In a 10-2 Padres win, Profar’s catch was itself a troll of great size, force and depth, as he took Mookie Betts almost to third base before realizing his home run was nothing of the sort. In its own way, it was both incredibly disrespectful (no pun intended) to everyone else on the field and the broadcast crews, and extremely inflammatory to what has become the Dodgers’ most intrusive rivalry. It was, in short, art.

But not just art for a few seconds, but the new touchpoint in a series that could well become prickly, what with the geography, the Padres’ noisy neighbor syndrome, their general don’t-play-with-others-ness. Last year’s image appears to have to do with each other and the very real possibility that San Diego is good enough to eliminate the Dodgers, thus angering casual fans and Ohtaniphiles around the world. In other words, there’s a lot at stake here, a lot that the Royals-Yankees, the Tigers-Guardians, and yes, even the Mets-Phillies can barely match.

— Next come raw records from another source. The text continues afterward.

lemma integrable_gaussian_div_sqrt_4_plus_square:
  assumes "0 < \<sigma>"
  shows "integrable lborel (\<lambda>\<xi>. exp (- (\<sigma> * \<xi>)\<^sup>2) / sqrt (4 + \<xi>\<^sup>2))"
proof (rule Bochner_Integration.integrable_bound[OF integrable.intros[OF has_bochner_integral_gaussian[OF assms]]])
  show "(\<lambda>\<xi>. exp (- (\<sigma> * \<xi>)\<^sup>2) / sqrt (4 + \<xi>\<^sup>2)) \<in> borel_measurable lborel"
    by measurable
  have "1 \<le> sqrt (4 + \<xi>\<^sup>2)" for \<xi> :: real
    by (simp add: real_le_rsqrt)
  then show "AE \<xi> in lborel. norm (exp (- (\<sigma> * \<xi>)\<^sup>2) / sqrt (4 + \<xi>\<^sup>2)) \<le> norm (exp (- (\<sigma> * \<xi>)\<^sup>2))"
    by (intro AE_I2) (simp add: divide_le_eq)
qed

lemma has_real_derivative_arsinh_half: "((\<lambda>x. arsinh (x / 2)) has_real_derivative 1 / sqrt (4 + x\<^sup>2)) (at x)"
proof -
  have "sqrt (4 + x\<^sup>2) = sqrt (2\<^sup>2 * ((x / 2)\<^sup>2 + 1))"
    by (simp add: power_divide field_simps)
  also have "\<dots> = 2 * sqrt ((x / 2)\<^sup>2 + 1)"
    by (simp only: real_sqrt_mult real_sqrt_abs abs_numeral)
  finally have "sqrt (4 + x\<^sup>2) = 2 * sqrt ((x / 2)\<^sup>2 + 1)" .
  moreover have "((\<lambda>x. arsinh (x / 2)) has_real_derivative 1 / sqrt ((x / 2)\<^sup>2 + 1) * (1 / 2)) (at x)"
    by (rule DERIV_chain2[OF arsinh_real_has_field_derivative]) (auto intro!: derivative_eq_intros)
  ultimately show ?thesis
    by (simp add: mult.commute)
qed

And if the series reaches the full fivesome (and that will be the case if there is a celestial being who loves and cares for its intergalactic creatures), the Friday night show-or-go game will be back with all its potential in Los Angeles his mutant fun that implies. Ohtani’s year could end up close because the Dodgers couldn’t find enough pitching to support him, the Padres and Guardians could meet in the first Empty Trophy Case World Series, Fox could try to go all Bally’s on his baseball rights, and Rob Manfred’s “October Of Love” could be another mouthful of ashes.

All because Jurickson Profar is not just a master of sleight of hand, but a mischievous provocateur of the first order. This could only be better if the Dodgers handed out souvenir Game 5 baseballs and made Musk fuck flyballs before Game 5 while wearing a brown jersey with Profar’s name on the back. We all live in hope.